■ **What is being asked**
Of the lines below, report only those that contain "then".

■ **Extracted records**
theorem lemma2:
  fixes d :: bool and G0 F :: "('v::finite \<times> 'v) set"
  assumes "is_graph d G0"
    and "\<forall>(u,v)\<in>F. u \<noteq> v"
    and "\<not> d \<longrightarrow> sym F"
  shows "(\<forall>G\<in>Gset d G0 F. \<forall>G'. Qk d G0 F G G' = (\<Sum>\<^sub>\<infinity> z\<in>Zset. Vp d G0 F G z * Kz d F z G G'))
       \<and> (\<forall>G\<in>Gset d G0 F. \<forall>z\<in>Zset. \<forall>G'. Kz d F z G G' > 0 \<longrightarrow> Vp d G0 F G z = Vp d G0 F G' z)
       \<and> (\<forall>z\<in>Zset. \<forall>G\<in>Gset d G0 F. \<forall>G'\<in>Gset d G0 F. Kz d F z G G' = Kz d F z G' G)"
proof -
  have F: "F \<subseteq> Ftil d G0 F" using subset_Ftil[OF assms(2)] .
  have graph: "is_graph d G" if "G \<in> Gset d G0 F" for G using that unfolding Gset_def by simp
  show ?thesis
  proof (intro conjI ballI allI impI)
    fix G G' assume "G \<in> Gset d G0 F"
    then show "Qk d G0 F G G' = (\<Sum>\<^sub>\<infinity> z\<in>Zset. Vp d G0 F G z * Kz d F z G G')"
      by (intro Qk_decomposition[OF F] graph)
  next
    fix G z G' assume "G \<in> Gset d G0 F" "z \<in> Zset" "Kz d F z G G' > 0"
    then show "Vp d G0 F G z = Vp d G0 F G' z" by (intro Vp_eq_if_Kz_pos[OF F] graph)
  next
    fix z :: "'v list set" and G G' assume "z \<in> Zset" "G \<in> Gset d G0 F" "G' \<in> Gset d G0 F"
    then show "Kz d F z G G' = Kz d F z G' G" by (intro Kz_sym graph)
  qed
qed

end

■ **Task solution**
    then show "Qk d G0 F G G' = (\<Sum>\<^sub>\<infinity> z\<in>Zset. Vp d G0 F G z * Kz d F z G G')"
    then show "Vp d G0 F G z = Vp d G0 F G' z" by (intro Vp_eq_if_Kz_pos[OF F] graph)
    then show "Kz d F z G G' = Kz d F z G' G" by (intro Kz_sym graph)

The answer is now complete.